--- Records shown ---
************
lemma ergotropy_real_diag_eq:
  assumes lower: "\<And>U. unitary_mat U \<Longrightarrow>
      m \<le> (\<Sum>i\<in>UNIV. E i * (\<Sum>k\<in>UNIV. r k * unistochastic U i k))"
    and "bij s" and attained: "(\<Sum>i\<in>UNIV. E i * r (s i)) = m"
  shows "ergotropy E (real_diag r) = (\<Sum>i\<in>UNIV. E i * r i) - m"
proof -
  have "(INF U \<in> {U. unitary_mat U}. Re (trace (hamiltonian E ** (U ** real_diag r ** adj U)))) = m"
  proof (rule cInf_eq_minimum)
    show "m \<in> (\<lambda>U. Re (trace (hamiltonian E ** (U ** real_diag r ** adj U)))) ` {U. unitary_mat U}"
      using unitary_perm_mat[OF \<open>bij s\<close>] attained
      by (force simp: energy_conj_perm_mat)
  qed (use lower in \<open>auto simp: energy_conj_real_diag\<close>)
  then show ?thesis by (simp add: ergotropy_def energy_real_diag)
qed

lemma diag_mat_mult_vec_nth: "(diag_mat f *v x) $ i = f i * x $ i"
  by (simp add: matrix_vector_mult_def diag_mat_def if_distrib[of "\<lambda>z. z * _"] cong: if_cong)
(* Let $X$ be a binary $N\times t$ matrix that is 3-good, let $S\subseteq[t]$ with $|S|=3$, $\mathbf{y}=r(X,S)$, $H=H(X,3,\mathbf{y})=([t],E)$, $L_1=\log_2\log_2 t$, $L_2=3L_1$. Let $G'=([t],E')$ be the graph in which distinct vertices $v_1,v_2$ are adjacent iff at least $L_2$ hyperedges of $E$ contain both; let $E_1\subseteq E$ be the set of hyperedges containing some edge of $G'$ as a subset, and $E_2=E\setminus E_1$. Then there exists a partition of $E_2$ into $M\le 96L_1^2L_2^2$ disjoint sets $E_2=\bigsqcup_{i=1}^M E_{2,i}$ such that: (1) no two distinct intersecting hyperedges lie in the same set, i.e. if $e_1\in E_{2,i}$, $e_2\in E_{2,j}$, $e_1\ne e_2$ and $e_1\cap e_2\neq\emptyset$, then $i\neq j$; (2) if $e_1\in E_{2,i}$, $e_2\in E_{2,j}$, $e_1\ne e_2$, and there is a hyperedge $e\in E$ (from $E_1$ or $E_2$) with $e\cap e_1\neq\emptyset$ and $e\cap e_2\neq\emptyset$, then $i\neq j$.
   Context: For a binary $N\times t$ matrix $X$ with columns $x(1),\dots,x(t)$ and $S\subseteq[t]$, $r(X,S)=\bigvee_{j\in S}x(j)$ (coordinatewise Boolean OR). For $\mathbf{y}\in\{0,1\}^N$, $H(X,3,\mathbf{y})$ is the $3$-uniform hypergraph on $[t]$ whose hyperedges are all $3$-element $S\subseteq[t]$ with $r(X,S)=\mathbf{y}$. A $(3,k)$ configuration of size $L$ is a set of $L$ hyperedges $e_1,\dots,e_L$ with a set $U$, $|U|=k$, such that $e_i\cap e_j=U$ for all $i\ne j$. Fix $p\in(0,1)$; $\Pr_1(s,w)$ is the probability that the OR of $s$ independent uniformly random length-$N$ binary columns of weight $\lfloor pN\rfloor$ equals a fixed vector of weight $w$; $\Pr_2(s,w_1,w)$ is the probability that the OR of $s$ such columns together with a fixed column $\mathbf{y}_1$ of weight $w_1$ equals a fixed vector $\mathbf{y}$ of weight $w$ with $\mathbf{y}\vee\mathbf{y}_1=\mathbf{y}$. With $L_1=\log_2\log_2 t$, $X$ is 3-good if: (1) for every $\mathbf{y}$, $H(X,3,\mathbf{y})$ has no $(3,1)$ configuration of size $L_1$; (2) for every $\mathbf{y}$ with $|\mathbf{y}|=w$, $H(X,3,\mathbf{y})$ has no $(3,0)$ configuration of size $10\max(t^3\Pr_1(3,w),N)$; (3) for all $\mathbf{y},\mathbf{y}_1$ with $\mathbf{y}\vee\mathbf{y}_1=\mathbf{y}$, $|\mathbf{y}_1|=w_1$, $|\mathbf{y}|=w$, the number of $j$ with $\mathbf{y}_1\vee x(j)=\mathbf{y}$ is less than $10B(N,t)$, where $B(N,t)=t\Pr_2(1,w_1,w)$ if this exceeds $N$, $B(N,t)=N$ if $t^{-1/\sqrt{L_1}}\le t\Pr_2(1,w_1,w)\le N$, and $B(N,t)=L_1/10$ if $t\Pr_2(1,w_1,w)<t^{-1/\sqrt{L_1}}$; (4) for every $\mathbf{y}$ with $|\mathbf{y}|=w$ and integer $w_1\le w$, the number of pairwise disjoint pairs $\{j_1,j_2\}\subseteq[t]$ with $x(j_1)\vee x(j_2)\vee\mathbf{y}=\mathbf{y}$ and $|x(j_1)\vee x(j_2)|=w_1$ is less than $10\max(N,\binom{w}{w_1}t^2\Pr_1(2,w_1))$. *)

theory Defs
  imports Complex_Main "HOL-Library.FuncSet"
begin

text \<open>A binary N x t matrix is a predicate X i j (row i < N, column j < t).
  Binary vectors of length N are represented by their supports, i.e. subsets of {..<N};
  Boolean OR is union and the weight is the cardinality.\<close>

definition col :: "(nat \<Rightarrow> nat \<Rightarrow> bool) \<Rightarrow> nat \<Rightarrow> nat \<Rightarrow> nat set" where
  "col X N j = {i. i < N \<and> X i j}"
(* Under the standing setup (C1)–(C4), fix a small $\varepsilon>0$ and $L\ge4$ with $L\varepsilon<\gamma/4$, and define the blocks $Y_k$ as in the context. Then for every real $t$ there is $K_\varepsilon(t)>0$ such that for all $N\ge\exp(2/\varepsilon)$, $$\Big|E\exp\Big(\frac{it}{\sqrt N}\sum_{1\le k\le m(N)}Y_k\Big)-\prod_{1\le k\le m(N)}E\exp\Big(\frac{it}{\sqrt N}Y_k\Big)\Big|\le K_\varepsilon(t)N^{-\frac\varepsilon2\sqrt N}.$$
   Context: Standing setup. $(\Omega,\mathcal F,P)$ is a probability space, $\ell\ge1$, $X_1,\dots,X_\ell$ are real stationary processes $X_j(n)$, $n\ge0$, with $|X_j(n)|\le D$ a.s. $\{\mathcal F_{kl}\}$ is a family of sub-$\sigma$-algebras, $\mathcal F_{kl}\subset\mathcal F_{k'l'}$ for $k'\le k$, $l'\ge l$. $\alpha(n)=\sup_{k\ge0}\sup_{A\in\mathcal F_{-\infty,k},B\in\mathcal F_{k+n,\infty}}|P(A\cap B)-P(A)P(B)|$, $\beta_j(n)=\sup_{m\ge0}E|X_j(m)-E(X_j(m)\mid\mathcal F_{m-n,m+n})|$. (C1): $\alpha(n)+\max_j\beta_j(n)\le\kappa^{-1}e^{-\kappa n}$ for some $\kappa>0$ and all $n$. (C2): $q_1(n)=rn+p$ with integers $r>0,p\ge0$. There exist $\gamma\in(0,1)$, $n_0>1$ such that for $n\ge n_0$: (C3) $q_j(n+1)\ge q_j(n)+n^\gamma$ for $j=2,\dots,\ell$; (C4) $q_{j+1}([n^{1-\gamma}])\ge q_j(n)n^\gamma$ for $j=1,\dots,\ell-1$. $a_j=EX_j(0)$, $R(n)=\prod_{j=1}^\ell X_j(q_j(n))-\prod_{j=1}^\ell a_j$. Blocks: $\tau(N)=[N^{1-\varepsilon}]$, $\theta(N)=[N^{1-L\varepsilon}]$, $m(N)=[N/(\theta(N)+\tau(N))]$; for $k=1,\dots,m(N)$, $\Gamma_k(N)=\{n:\theta(N)+(k-1)(\theta(N)+\tau(N))\le n\le k(\theta(N)+\tau(N))\}$ and $Y_k=\sum_{n\in\Gamma_k(N)}R(n)$. *)

theory Defs
  imports "HOL-Probability.Probability"
begin

definition stationary_process :: "'a measure \<Rightarrow> (nat \<Rightarrow> 'a \<Rightarrow> real) \<Rightarrow> bool" where
  "stationary_process M X \<longleftrightarrow>
     (\<forall>n. X n \<in> borel_measurable M) \<and>
     (\<forall>s. distr M (Pi\<^sub>M UNIV (\<lambda>_. borel)) (\<lambda>\<omega> n. X (n + s) \<omega>)
          = distr M (Pi\<^sub>M UNIV (\<lambda>_. borel)) (\<lambda>\<omega> n. X n \<omega>))"

text \<open>Strong mixing coefficient alpha(n); the sigma-algebras F k l are indexed by extended
  reals so that -\<infinity> and \<infinity> are allowed (only integer / infinite indices are used).\<close>
definition mix_alpha :: "'a measure \<Rightarrow> (ereal \<Rightarrow> ereal \<Rightarrow> 'a measure) \<Rightarrow> nat \<Rightarrow> real" where
  "mix_alpha M F n =
     (SUP k\<in>(UNIV::nat set). SUP AB\<in>sets (F (-\<infinity>) (ereal (real k))) \<times> sets (F (ereal (real (k + n))) \<infinity>).
        \<bar>measure M (fst AB \<inter> snd AB) - measure M (fst AB) * measure M (snd AB)\<bar>)"
lemma fixed_points_within_eq:
  "fixed_points_within K = {\<omega> \<in> space SS. (\<forall>x\<in>Xs. \<forall>u\<in>Us. Tsh \<omega> (Tsh_limit \<omega>) x u = Tsh_limit \<omega> x u)
     \<longrightarrow> supnorm Xs Us (\<lambda>x u. Tsh_limit \<omega> x u - Qstar x u) \<le> K}"
proof (intro set_eqI iffI)
  fix \<omega> assume "\<omega> \<in> fixed_points_within K"
  thus "\<omega> \<in> {\<omega> \<in> space SS. (\<forall>x\<in>Xs. \<forall>u\<in>Us. Tsh \<omega> (Tsh_limit \<omega>) x u = Tsh_limit \<omega> x u)
     \<longrightarrow> supnorm Xs Us (\<lambda>x u. Tsh_limit \<omega> x u - Qstar x u) \<le> K}"
    by (auto simp: fixed_points_within_def)
next
  fix \<omega> assume \<omega>: "\<omega> \<in> {\<omega> \<in> space SS. (\<forall>x\<in>Xs. \<forall>u\<in>Us. Tsh \<omega> (Tsh_limit \<omega>) x u = Tsh_limit \<omega> x u)
     \<longrightarrow> supnorm Xs Us (\<lambda>x u. Tsh_limit \<omega> x u - Qstar x u) \<le> K}"
  have "supnorm Xs Us (\<lambda>x u. Qhat x u - Qstar x u) \<le> K"
    if "\<forall>x\<in>Xs. \<forall>u\<in>Us. Tsh \<omega> Qhat x u = Qhat x u" for Qhat
  proof -
    have lim: "\<And>x u. x \<in> Xs \<Longrightarrow> u \<in> Us \<Longrightarrow> Tsh_limit \<omega> x u = Qhat x u"
      using that by (intro Tsh_limit_eq_fixed_point) auto
    have "\<forall>x\<in>Xs. \<forall>u\<in>Us. Tsh \<omega> (Tsh_limit \<omega>) x u = Tsh_limit \<omega> x u"
    proof (intro ballI)
      fix x u assume a: "x \<in> Xs" "u \<in> Us"
      have "Tsh \<omega> (Tsh_limit \<omega>) x u = Tsh \<omega> Qhat x u" by (rule Tsh_cong) (rule lim)
      thus "Tsh \<omega> (Tsh_limit \<omega>) x u = Tsh_limit \<omega> x u" using that a lim[OF a] by simp
    qed
    hence "supnorm Xs Us (\<lambda>x u. Tsh_limit \<omega> x u - Qstar x u) \<le> K" using \<omega> by blast
    moreover have "supnorm Xs Us (\<lambda>x u. Qhat x u - Qstar x u) = supnorm Xs Us (\<lambda>x u. Tsh_limit \<omega> x u - Qstar x u)"
      by (intro supnorm_cong) (simp add: lim)
    ultimately show ?thesis by simp
  qed
  thus "\<omega> \<in> fixed_points_within K" using \<omega> by (simp add: fixed_points_within_def)
qed

lemma sets_fixed_points_within: "fixed_points_within K \<in> sets SS"
proof -
  have "{\<omega> \<in> space SS. supnorm Xs Us (\<lambda>x u. Tsh_limit \<omega> x u - Qstar x u) \<le> K} \<in> sets SS"
    using borel_measurable_Tsh_limit
    by (intro borel_measurable_le borel_measurable_supnorm borel_measurable_diff borel_measurable_const)
      auto
  moreover have "{\<omega> \<in> space SS. \<forall>x\<in>Xs. \<forall>u\<in>Us. Tsh \<omega> (Tsh_limit \<omega>) x u = Tsh_limit \<omega> x u} \<in> sets SS"
    using states actions
    by (intro sets.sets_Collect_finite_All borel_measurable_eq borel_measurable_Tsh
        borel_measurable_Tsh_limit) auto
  ultimately show ?thesis unfolding fixed_points_within_eq by (rule sets.sets_Collect_imp)
qed

end

section \<open>Concentration of the noise\<close>

context shifted_mdp
begin

definition init_err :: real where
  "init_err = supnorm Xs Us (\<lambda>x u. Qbar x u - Qstar x u)"

definition b_star :: real where
  "b_star = rbar + \<gamma> * supnorm Xs Us Qstar"

definition sigma2 :: real where
  "sigma2 = sigma_diag Xs Us P \<rho> \<gamma> Qstar"

lemma init_err_nonneg: "0 \<le> init_err"
  unfolding init_err_def using states actions by (intro supnorm_nonneg) auto

lemma b_star_nonneg: "0 \<le> b_star"
  unfolding b_star_def using rbar_nonneg discount supnorm_nonneg[OF states(1) actions(1) states(2) actions(2)]
  by simp

lemma variance_le_sigma2:
  assumes a: "x \<in> Xs" "u \<in> Us"
  shows "(\<integral>s. (emp_bellman Us \<gamma> s Qstar x u - Qstar x u)\<^sup>2 \<partial>S) \<le> sigma2"
proof -
  have "(\<integral>s. (emp_bellman Us \<gamma> s Qstar x u - Qstar x u)\<^sup>2 \<partial>S) = var_of S (\<lambda>s. emp_bellman Us \<gamma> s Qstar x u)"
    unfolding var_of_def using emp_bellman_integrable_and_mean(2)[OF a] Qstar_fixed[OF a] by simp
  also have "\<dots> \<le> \<bar>var_of S (\<lambda>s. emp_bellman Us \<gamma> s Qstar x u)\<bar>" by simp
  also have "\<dots> \<le> sigma2"
    unfolding sigma2_def sigma_diag_def using a states actions by (intro Max_ge) force+
  finally show ?thesis .
qed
************
--- Directions ---
The entries above hold the needed span. Transcribe exactly the lines from the one with "E (real_diag r)" to the one with "using unitary_perm_mat[OF \<open>bij", both included.

--- Solution for this problem ---
  shows "ergotropy E (real_diag r) = (\<Sum>i\<in>UNIV. E i * r i) - m"
proof -
  have "(INF U \<in> {U. unitary_mat U}. Re (trace (hamiltonian E ** (U ** real_diag r ** adj U)))) = m"
  proof (rule cInf_eq_minimum)
    show "m \<in> (\<lambda>U. Re (trace (hamiltonian E ** (U ** real_diag r ** adj U)))) ` {U. unitary_mat U}"
      using unitary_perm_mat[OF \<open>bij s\<close>] attained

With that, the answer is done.